> _INSTRUCTIONS TO FOLLOW_:
Print the listing exactly, but only as far as the line containing "obtains U D". The first line and that line are both included.

> _GIVEN DATA_:
text \<open>The tube lemma, twice: for each \<open>u\<close> finitely many \<open>B (u, v)\<close> cover \<open>P\<close>, the
  intersection \<open>N u\<close> of the corresponding \<open>A (u, v)\<close> is still a neighbourhood of \<open>u\<close>,
  and finitely many \<open>N u\<close> cover \<open>P\<close>.\<close>
lemma compactin_tube_refinement:
  assumes P: "compactin X P"
    and AB: "\<And>p. p \<in> P \<times> P \<Longrightarrow> openin X (A p) \<and> openin X (B p) \<and> fst p \<in> A p \<and> snd p \<in> B p"
  obtains U D N where "finite U" "U \<subseteq> P" "P \<subseteq> (\<Union>u\<in>U. N u)"
    "\<And>u. u \<in> U \<Longrightarrow> openin X (N u) \<and> finite (D u) \<and> D u \<subseteq> P \<and> P \<subseteq> (\<Union>v\<in>D u. B (u, v)) \<and>
      (\<forall>v\<in>D u. N u \<subseteq> A (u, v))"
proof -
  have "\<exists>D. finite D \<and> D \<subseteq> P \<and> P \<subseteq> (\<Union>v\<in>D. B (u, v))" if u: "u \<in> P" for u
  proof -
    obtain D where "finite D" "D \<subseteq> P" "P \<subseteq> (\<Union>v\<in>D. B (u, v))"
      by (rule compactin_finite_subcover_image[OF P, of P "\<lambda>v. B (u, v)"]) (use AB u in auto)
    then show ?thesis by blast
  qed
  then obtain D where D: "\<And>u. u \<in> P \<Longrightarrow> finite (D u) \<and> D u \<subseteq> P \<and> P \<subseteq> (\<Union>v\<in>D u. B (u, v))"
    by metis
  define N where "N u = (\<Inter>v\<in>D u. A (u, v)) \<inter> topspace X" for u
  have A_open: "openin X (A (u, v))" if "u \<in> P" "v \<in> D u" for u v
    using AB[of "(u, v)"] D[OF that(1)] that by auto
  have N_open: "openin X (N u)" if "u \<in> P" for u
    unfolding N_def using D A_open that by (intro openin_INT) auto
  obtain U where U: "finite U" "U \<subseteq> P" "P \<subseteq> (\<Union>u\<in>U. N u)"
  proof (rule compactin_finite_subcover_image[OF P, of P N])
    show "P \<subseteq> (\<Union>u\<in>P. N u)"
      unfolding N_def using D AB compactin_subset_topspace[OF P] by fastforce
  qed (use N_open in auto)
  show thesis
  proof (rule that[OF U])
    fix u assume "u \<in> U"
    then have u: "u \<in> P"
      using U(2) by blast
    have "\<forall>v\<in>D u. N u \<subseteq> A (u, v)"
      unfolding N_def by blast
    then show "openin X (N u) \<and> finite (D u) \<and> D u \<subseteq> P \<and> P \<subseteq> (\<Union>v\<in>D u. B (u, v)) \<and>
        (\<forall>v\<in>D u. N u \<subseteq> A (u, v))"
      using N_open[OF u] D[OF u] by blast
  qed
qed
lemma defect_integral_total:
  fixes D f2 :: "real \<Rightarrow> real" and C \<alpha> :: real
  assumes cD: "continuous_on {a..} D" and cf2: "continuous_on {a..} f2"
    and ab: "0 \<le> a" "a \<le> b"
    and vanish: "\<And>t. 0 \<le> t \<Longrightarrow> t < a \<Longrightarrow> D t = 0"
    and support: "(\<integral>\<^sup>+ t\<in>{a..b}. ennreal \<bar>D t\<bar> \<partial>lborel)
        \<le> ennreal C + ennreal \<alpha> * (\<integral>\<^sup>+ t\<in>{a..b}. ennreal \<bar>f2 t\<bar> \<partial>lborel)"
    and tail: "(\<integral>\<^sup>+ t\<in>{b..}. ennreal \<bar>D t\<bar> \<partial>lborel)
        \<le> ennreal \<alpha> * (\<integral>\<^sup>+ t\<in>{b..}. ennreal \<bar>f2 t\<bar> \<partial>lborel)"
  shows "(\<integral>\<^sup>+ t\<in>{0..}. ennreal \<bar>D t\<bar> \<partial>lborel)
    \<le> ennreal \<alpha> * (\<integral>\<^sup>+ t\<in>{a..}. ennreal \<bar>f2 t\<bar> \<partial>lborel) + ennreal C"
proof -
  have "(\<integral>\<^sup>+ t\<in>{0..}. ennreal \<bar>D t\<bar> \<partial>lborel) = (\<integral>\<^sup>+ t\<in>{a..}. ennreal \<bar>D t\<bar> \<partial>lborel)"
    using ab vanish by (intro nn_integral_cong) (auto simp: indicator_def)
  also have "\<dots> = (\<integral>\<^sup>+ t\<in>{a..b}. ennreal \<bar>D t\<bar> \<partial>lborel) + (\<integral>\<^sup>+ t\<in>{b..}. ennreal \<bar>D t\<bar> \<partial>lborel)"
    by (intro set_nn_integral_split_Ici continuous_on_rabs cD ab)
  also have "\<dots> \<le> ennreal C + ennreal \<alpha> * (\<integral>\<^sup>+ t\<in>{a..b}. ennreal \<bar>f2 t\<bar> \<partial>lborel)
      + ennreal \<alpha> * (\<integral>\<^sup>+ t\<in>{b..}. ennreal \<bar>f2 t\<bar> \<partial>lborel)"
    by (rule add_mono[OF support tail])
  also have "\<dots> = ennreal \<alpha> * (\<integral>\<^sup>+ t\<in>{a..}. ennreal \<bar>f2 t\<bar> \<partial>lborel) + ennreal C"
    by (simp only: set_nn_integral_split_Ici[OF continuous_on_rabs[OF cf2] ab(2)] distrib_left add_ac)
  finally show ?thesis .
qed

theorem lemma2p4:
  fixes K G f f' f'' m m' m'' :: "real \<Rightarrow> real" and a b :: real
  assumes contK: "continuous_on {0..} K"
    and contG: "continuous_on {0..} G"
    and df: "\<And>t. t \<ge> 0 \<Longrightarrow> (f has_real_derivative f' t) (at t within {0..})"
    and df': "\<And>t. t \<ge> 0 \<Longrightarrow> (f' has_real_derivative f'' t) (at t within {0..})"
    and f_ode: "\<And>t. t \<ge> 0 \<Longrightarrow> f'' t + K t * f t = 0"
    and f_pos: "\<And>t. t > 0 \<Longrightarrow> f t > 0"
    and f_int: "(\<integral>\<^sup>+ t\<in>{1..}. ennreal (1 / (f t)\<^sup>2) \<partial>lborel) < \<infinity>"
    and dm: "\<And>t. t \<ge> 0 \<Longrightarrow> (m has_real_derivative m' t) (at t within {0..})"
    and dm': "\<And>t. t \<ge> 0 \<Longrightarrow> (m' has_real_derivative m'' t) (at t within {0..})"
    and m_ode: "\<And>t. t \<ge> 0 \<Longrightarrow> m'' t + G t * m t = 0"
    and m0: "m 0 = f 0" and m'0: "m' 0 = f' 0"
    and ab: "1 \<le> a" "a \<le> b"
    and supp: "\<And>t. t \<ge> 0 \<Longrightarrow> t \<notin> {a..b} \<Longrightarrow> G t = K t"
    and alpha_fin: "bdd_above ((\<lambda>t. \<bar>sigma_fun m f t\<bar>) ` {0<..})"
  shows "(\<integral>\<^sup>+ t\<in>{a..b}. ennreal \<bar>G t * m t - K t * f t\<bar> \<partial>lborel)
           \<le> ennreal ((alpha_m m f + 1) * l2norm_on {0..} (\<lambda>t. G t - K t) * l2norm_on {a..b} f)
             + ennreal (alpha_m m f) * (\<integral>\<^sup>+ t\<in>{a..b}. ennreal \<bar>f'' t\<bar> \<partial>lborel)
    \<and> (\<integral>\<^sup>+ t\<in>{b..}. ennreal \<bar>G t * m t - K t * f t\<bar> \<partial>lborel)
           \<le> ennreal (alpha_m m f) * (\<integral>\<^sup>+ t\<in>{b..}. ennreal \<bar>f'' t\<bar> \<partial>lborel)
    \<and> (\<integral>\<^sup>+ t\<in>{0..}. ennreal \<bar>G t * m t - K t * f t\<bar> \<partial>lborel)
           \<le> ennreal (alpha_m m f) * (\<integral>\<^sup>+ t\<in>{a..}. ennreal \<bar>f'' t\<bar> \<partial>lborel)
             + ennreal ((alpha_m m f + 1) * l2norm_on {0..} (\<lambda>t. G t - K t) * l2norm_on {a..b} f)"
proof -
  define \<alpha> where "\<alpha> = alpha_m m f"
  define C where "C = (\<alpha> + 1) * l2norm_on {0..} (\<lambda>t. G t - K t) * l2norm_on {a..b} f"
  have \<sigma>_le: "\<bar>sigma_fun m f t\<bar> \<le> \<alpha>" if "0 < t" for t
    unfolding \<alpha>_def using sigma_fun_le_alpha_m[OF alpha_fin that] .
  have \<alpha>_nonneg: "0 \<le> \<alpha>" using \<sigma>_le[of 1] by linarith
  have cf: "continuous_on {0..} f" and cm: "continuous_on {0..} m"
    by (auto intro: DERIV_continuous_on df dm)
  have cf'': "continuous_on {0..} f''"
  proof (rule continuous_on_eq)
    show "continuous_on {0..} (\<lambda>t. - K t * f t)" by (intro continuous_intros contK cf)
    show "- K t * f t = f'' t" if "t \<in> {0..}" for t using f_ode[of t] that by simp
  qed
  have cGK: "continuous_on {0..} (\<lambda>t. G t - K t)"
    and cD: "continuous_on {0..} (\<lambda>t. G t * m t - K t * f t)"
    by (intro continuous_intros contG contK cm cf)+
  have sub: "{a..b} \<subseteq> {0..}" "{a..} \<subseteq> {0..}" "{b..} \<subseteq> {0..}" using ab by auto
  have pointwise: "\<bar>G t * m t - K t * f t\<bar> \<le> (1 + \<alpha>) * (\<bar>G t - K t\<bar> * f t) + \<alpha> * \<bar>f'' t\<bar>"
    if "0 < t" for t
    using f_pos[OF that] f_ode[of t] that sigma_fun_factor[of f t m] \<sigma>_le[OF that]
    by (intro defect_pointwise_bound) (auto simp: algebra_simps)
  have beyond: "\<bar>G t * m t - K t * f t\<bar> \<le> \<alpha> * \<bar>f'' t\<bar>" if "b < t" for t
    using pointwise[of t] supp[of t] that ab by simp
  have before: "G t * m t - K t * f t = 0" if "0 \<le> t" "t < a" for t
    using supp that second_order_solutions_agree[OF contK df df' dm dm' f_ode m_ode m0 m'0, of t]
    by auto
  have l2_GK: "l2norm_on {0..} (\<lambda>t. G t - K t) = l2norm_on {a..b} (\<lambda>t. G t - K t)"
    using ab supp by (intro l2norm_on_supported) auto
  have support: "(\<integral>\<^sup>+ t\<in>{a..b}. ennreal \<bar>G t * m t - K t * f t\<bar> \<partial>lborel)
      \<le> ennreal C + ennreal \<alpha> * (\<integral>\<^sup>+ t\<in>{a..b}. ennreal \<bar>f'' t\<bar> \<partial>lborel)"
    unfolding C_def l2_GK
    using ab f_pos pointwise \<alpha>_nonneg
    by (intro defect_integral_on_support continuous_on_subset[OF _ sub(1)] cGK cf cf'')
       (auto intro: less_imp_le)
  have tail: "(\<integral>\<^sup>+ t\<in>{b..}. ennreal \<bar>G t * m t - K t * f t\<bar> \<partial>lborel)
      \<le> ennreal \<alpha> * (\<integral>\<^sup>+ t\<in>{b..}. ennreal \<bar>f'' t\<bar> \<partial>lborel)"
    by (rule defect_integral_tail[OF continuous_on_subset[OF cf'' sub(3)] \<alpha>_nonneg beyond])
  have total: "(\<integral>\<^sup>+ t\<in>{0..}. ennreal \<bar>G t * m t - K t * f t\<bar> \<partial>lborel)
      \<le> ennreal \<alpha> * (\<integral>\<^sup>+ t\<in>{a..}. ennreal \<bar>f'' t\<bar> \<partial>lborel) + ennreal C"
    using ab by (intro defect_integral_total[OF continuous_on_subset[OF cD sub(2)]
        continuous_on_subset[OF cf'' sub(2)] _ ab(2) before support tail]) auto
  show ?thesis
    using support tail total unfolding C_def \<alpha>_def by (simp add: add.commute)
qed
lemma orthogonal_if_isometry_onto_orthonormal:
  fixes u :: "'i \<Rightarrow> 'a \<Rightarrow> complex" and v :: "'i \<Rightarrow> 'b \<Rightarrow> complex"
  assumes v: "orthonormal N v A" and u: "\<And>i. i \<in> A \<Longrightarrow> sq_integrable M (u i)"
  defines "H \<equiv> L2_closure M (lin_comb u A)"
  assumes W_sq: "\<forall>f\<in>H. sq_integrable N (W f)"
    and W_lin: "\<forall>f\<in>H. \<forall>g\<in>H. \<forall>a b. AE y in N. W (\<lambda>x. a * f x + b * g x) y = a * W f y + b * W g y"
    and W_norm: "\<forall>f\<in>H. L2_norm N (W f) = L2_norm M f"
    and W_u: "\<forall>i\<in>A. AE y in N. W (u i) y = v i y"
    and ij: "i \<in> A" "j \<in> A" "i \<noteq> j"
  shows "L2_inner M (u i) (u j) = 0"
proof -
  define z where "z = L2_inner M (u i) (u j)"
  have sub: "lin_comb u A \<subseteq> H"
    unfolding H_def by (rule lin_comb_subset_L2_closure, rule u)
  have u_H: "u k \<in> H" if "k \<in> A" for k
    using sub orthonormal_in_lin_comb[OF that] by blast
  note sqnorm_eq = L2_sqnorm_eq_if_isometry_AE[OF W_sq W_norm]
  have u_norm: "L2_sqnorm M (u k) = 1" if k: "k \<in> A" for k
  proof -
    have "L2_sqnorm M (u k) = L2_sqnorm N (v k)"
      using W_u k by (intro sqnorm_eq u_H orthonormal_sq_integrable[OF v]) auto
    moreover have "complex_of_real (L2_sqnorm N (v k)) = 1"
      using orthonormal_inner[OF v k k] by (simp flip: L2_inner_self)
    ultimately show ?thesis by simp
  qed
  have "(\<lambda>x. 1 * u i x + z * u j x) \<in> lin_comb u A"
    using ij by (intro lin_comb_lincomb orthonormal_in_lin_comb)
  then have h_H: "(\<lambda>x. 1 * u i x + z * u j x) \<in> H" using sub by blast
  have "AE y in N. W (\<lambda>x. 1 * u i x + z * u j x) y = 1 * W (u i) y + z * W (u j) y"
    using W_lin u_H ij by blast
  moreover have "AE y in N. W (u i) y = v i y" "AE y in N. W (u j) y = v j y"
    using W_u ij by blast+
  ultimately have "AE y in N. W (\<lambda>x. 1 * u i x + z * u j x) y = 1 * v i y + z * v j y"
    by eventually_elim simp
  then have "L2_sqnorm M (\<lambda>x. 1 * u i x + z * u j x) = L2_sqnorm N (\<lambda>y. 1 * v i y + z * v j y)"
    using ij by (intro sqnorm_eq h_H sq_integrable_add sq_integrable_scale orthonormal_sq_integrable[OF v])
  then have "complex_of_real (1 + (cmod z)^2) + cnj z * z + z * cnj z = complex_of_real (1 + (cmod z)^2)"
    using L2_sqnorm_lincomb[OF u u, of i j 1 z] L2_sqnorm_lincomb[OF orthonormal_sq_integrable[OF v]
        orthonormal_sq_integrable[OF v], of i j 1 z] ij
    by (simp add: u_norm orthonormal_inner[OF v] L2_inner_cnj[of M "u j"] z_def
        flip: L2_inner_self)
  then have "complex_of_real (2 * (cmod z)^2) = 0"
    by (simp add: complex_of_real_cmod_sq mult.commute del: of_real_power)
  then show ?thesis unfolding z_def by simp
qed

section \<open>Characters of the Bohr compactification\<close>

lemma bohr_group_mult:
  "psi \<in> bohr_group \<Longrightarrow> chi \<in> bohr_group \<Longrightarrow> (\<lambda>x. psi x * chi x) \<in> bohr_group"
  unfolding bohr_group_def by (simp add: norm_mult)
text \<open>For \<open>|r| < 1\<close> this is \<open>\<Sum>k. r ^ (j + k * n)\<close>, the \<open>n\<close>-periodization of the geometric
  sequence; hence \<open>cyclic_geom_add_period\<close>.\<close>

definition cyclic_geom :: "nat \<Rightarrow> 'a \<Rightarrow> nat \<Rightarrow> 'a::field" where
  "cyclic_geom n r j = r ^ j / (1 - r ^ n)"

lemma cyclic_geom_recurrence:
  fixes r c :: "'a::field"
  assumes "r\<^sup>2 + c * r + 1 = 0"
  shows "cyclic_geom n r (j + 2) + c * cyclic_geom n r (j + 1) + cyclic_geom n r j = 0"
proof -
  have "cyclic_geom n r (j + 2) + c * cyclic_geom n r (j + 1) + cyclic_geom n r j
      = r ^ j * (r\<^sup>2 + c * r + 1) / (1 - r ^ n)"
    by (simp add: cyclic_geom_def add_divide_distrib power_add power2_eq_square algebra_simps)
  with assms show ?thesis by simp
qed

lemma cyclic_geom_add_period:
  fixes r :: "'a::field"
  assumes "r ^ n \<noteq> 1"
  shows "cyclic_geom n r (j + n) = cyclic_geom n r j - r ^ j"
proof -
  have "1 - r ^ n \<noteq> 0" using assms by simp
  then show ?thesis by (simp add: cyclic_geom_def power_add field_simps)
qed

> _RESULT BELOW_:
text \<open>The tube lemma, twice: for each \<open>u\<close> finitely many \<open>B (u, v)\<close> cover \<open>P\<close>, the
  intersection \<open>N u\<close> of the corresponding \<open>A (u, v)\<close> is still a neighbourhood of \<open>u\<close>,
  and finitely many \<open>N u\<close> cover \<open>P\<close>.\<close>
lemma compactin_tube_refinement:
  assumes P: "compactin X P"
    and AB: "\<And>p. p \<in> P \<times> P \<Longrightarrow> openin X (A p) \<and> openin X (B p) \<and> fst p \<in> A p \<and> snd p \<in> B p"
  obtains U D N where "finite U" "U \<subseteq> P" "P \<subseteq> (\<Union>u\<in>U. N u)"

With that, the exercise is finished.